Pietro allora prese la parola e disse: «In
verità sto rendendomi conto che Dio non fa
preferenza di persone, ma accoglie chi lo
teme e pratica la giustizia, a qualunque nazione
appartenga. Questa è la Parola che egli ha
inviato ai figli d’Israele, annunciando la pace
per mezzo di Gesù Cristo: questi è il Signore di
tutti. Voi sapete ciò che è accaduto in tutta la
Giudea, cominciando dalla Galilea, dopo il
battesimo predicato da Giovanni; cioè come
Dio consacrò in Spirito Santo e potenza Gesù
di Nàzaret, il quale passò beneficando e
risanando tutti coloro che stavano sotto il
potere del diavolo, perché Dio era con lui. E noi
siamo testimoni di tutte le cose da lui compiute
nella regione dei Giudei e in Gerusalemme.

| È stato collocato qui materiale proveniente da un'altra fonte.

definition atom :: "'a \<Rightarrow> bool" where
  "atom g \<longleftrightarrow> 1 \<preceq> g \<and> g \<noteq> 1 \<and> (\<forall>y. 1 \<preceq> y \<longrightarrow> y \<preceq> g \<longrightarrow> y = 1 \<or> y = g)"

lemma finite_has_natural_le_least:
  "finite A \<Longrightarrow> A \<noteq> {} \<Longrightarrow> \<exists>g\<in>A. \<forall>y\<in>A. g \<preceq> (y::'a)"
proof (induction A rule: finite_ne_induct)
  case (insert x F)
  then obtain g where "g \<in> F" "\<forall>y\<in>F. g \<preceq> y" by blast
  then show ?case using natural_le_total natural_le_trans by (metis insert_iff natural_le_refl)
qed simp

lemma atom_exists: "\<exists>g. atom g"
proof -
  obtain a :: 'a where a: "1 \<preceq> a" "a \<noteq> 1" using nontrivial by blast
  let ?A = "{x. 1 \<preceq> x \<and> x \<preceq> a \<and> x \<noteq> 1}"
  have "finite ?A" using finite_interval[of a] by (rule finite_subset[rotated]) auto
  moreover have "a \<in> ?A" using a by simp
  ultimately obtain g where "g \<in> ?A" "\<forall>y\<in>?A. g \<preceq> y"
    using finite_has_natural_le_least by blast
  then have "atom g" unfolding atom_def using natural_le_antisym natural_le_trans by blast
  then show ?thesis ..
qed

text \<open>For \<open>k\<close> maximal with \<open>g\<^sup>k \<preceq> x\<close>, the element \<open>x g\<^sup>-\<^sup>k\<close> lies between \<open>1\<close> and \<open>g\<close>.\<close>
lemma one_natural_le_eq_power_atom:
  assumes g: "atom g" and x: "1 \<preceq> x"
  shows "\<exists>k. x = g ^ k"
proof -
  have g0: "g \<noteq> 0" and g1: "g \<noteq> 1" "1 \<preceq> g"
    using g one_natural_le_imp_nonzero unfolding atom_def by blast+
  define N where "N = {k. g ^ k \<preceq> x}"
  have "(\<lambda>k. g ^ k) ` N \<subseteq> {y. 1 \<preceq> y \<and> y \<preceq> x}"
    unfolding N_def using one_natural_le_power[OF g1(2)] by blast
  then have "finite ((\<lambda>k. g ^ k) ` N)" using finite_interval finite_subset by blast
  then have finN: "finite N"
    using inj_power[OF g0 g1(1)] by (metis finite_imageD inj_on_subset subset_UNIV)
  define k where "k = Max N"
  have "k \<in> N" unfolding k_def using finN x by (intro Max_in) (auto simp: N_def intro!: exI[of _ 0])
  then have low: "g ^ k \<preceq> x" unfolding N_def by simp
  have "Suc k \<notin> N" using Max_ge[OF finN] unfolding k_def by fastforce
  then have up: "x \<preceq> g ^ Suc k" unfolding N_def using natural_le_total by blast
  define y where "y = x * recip g ^ k"
  have "1 \<preceq> y"
    using natural_le_mult_right[OF low, of "recip g ^ k"] power_mult_recip_power[OF g0]
    unfolding y_def by simp
  moreover have "y \<preceq> g"
    using natural_le_mult_right[OF up, of "recip g ^ k"] power_mult_recip_power[OF g0, of k]
    unfolding y_def by (simp add: ac_simps)
  moreover have "x = y * g ^ k"
    using power_mult_recip_power[OF g0, of k] unfolding y_def by (simp add: ac_simps)
  ultimately show ?thesis
    using g unfolding atom_def by (metis mult_1_left power_Suc mult.commute)
qed

lemma nonzero_eq_zpow_atom:
  assumes g: "atom g" and x: "x \<noteq> 0"
  shows "\<exists>k. x = zpow g k"
  using natural_le_total[of x 1]
proof
  assume "1 \<preceq> x"
  then obtain k where "x = g ^ k" using one_natural_le_eq_power_atom[OF g] by blast
  then show ?thesis by (metis zpow_of_nat)
next
  assume "x \<preceq> 1"
  then have "1 \<preceq> recip x" using natural_le_one_iff_recip[OF x] by simp
  then obtain k where k: "recip x = g ^ k" using one_natural_le_eq_power_atom[OF g] by blast
  have g0: "g \<noteq> 0" using g one_natural_le_imp_nonzero unfolding atom_def by blast
  have "x = x * (g ^ k * recip g ^ k)" using power_mult_recip_power[OF g0] by simp
  also have "\<dots> = (x * recip x) * recip g ^ k" using k by (simp add: ac_simps)
  also have "\<dots> = zpow g (- int k)" using mult_recip[OF x] by (simp add: zpow_uminus_of_nat)
  finally show ?thesis ..
qed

Essi lo uccisero appendendolo a una croce, ma
Dio lo ha risuscitato al terzo giorno e volle
che si manifestasse, non a tutto il popolo,
ma a testimoni prescelti da Dio, a noi che
abbiamo mangiato e bevuto con lui dopo la sua
risurrezione dai morti. E ci ha ordinato di
annunciare al popolo e di testimoniare che
egli è il giudice dei vivi e dei morti,
costituito da Dio. A lui tutti i profeti
danno questa testimonianza: chiunque crede in
lui riceve il perdono dei peccati per mezzo del
suo nome». Pietro stava ancora dicendo queste
cose,quando lo Spirito Santo discese sopra
tutti coloro che ascoltavano la Parola. E i
fedeli circoncisi, che erano venuti con
Pietro, si stupirono che anche sui pagani si
fosse effuso il dono dello Spirito Santo; li
sentivano infatti parlare in altre lingue e
glorificare Dio. Allora Pietro disse: «Chi
può impedire che siano battezzati nell’acqua
questi che hanno ricevuto,come noi, lo
Spirito Santo?». E ordinò che fossero battezzati
nel nome di Gesù Cristo.
Stiamo leggendo, negli Atti degli
Apostoli, il quinto intervento su otto,
pronunciato da Pietro a Cesarea in casa di
Cornelio, un centurione che coltiva profondo
rispetto per la religione d'Israele, a
somiglianza dell'altro centurione di Cafarnao,
ricordato da Luca (Lc7,1-10).Questa
testimonianza di Pietro è preziosa poiché
esprime la traccia di evangelizzazione che
gli apostoli e quindi la Comunità cristiana
sviluppa nel primo secolo. Qui la trama dei
pensieri è affidata a Pietro perché garantisca a
tutte le comunità la ricerca della verità su
Gesù.“Mi sto rendendo conto” e Pietro scopre
che, nonostante la convivenza di anni con
Gesù, deve approfondire egli stesso il messaggio
cristiano poiché, giorno per giorno,
verificando situazioni e incontri, capisce
quanto sia necessario misurarsi su ciò che
avviene per capire meglio Gesù.Bisogna,
allora, richiamarsi alla vita di Gesù, prima di
tutto.- Egli comincia dalla periferia
(Galilea), facendo del bene e curando coloro che
sono vittime del male poiché ha la forza di
Dio (vv 37-38). Il fatto che venga da un paese
sconosciuto, Nazareth, non smentisce il valore
della sua presenza. Egli ha veramente operato
ed è verificabile. La fede cristiana si appoggia
su una persona,non su idee o ragionamenti e
noi siamo testimoni di un mondo che egli ha
cominciato a cambiare. Gli uomini non hanno
riconosciuto Gesù e lo hanno ucciso,
crocifiggendolo (v 39).- Ma Dio, quando
ormai tutto sembra compromesso e tutta la
vicenda di Gesù un inganno, sconvolge le
leggi della natura risuscitando il suo servo
fedele (v 40).- Gesù, risuscitato, si è
mostrato “a noi che abbiamo mangiato e bevuto
con lui dopo la sua risurrezione dai morti”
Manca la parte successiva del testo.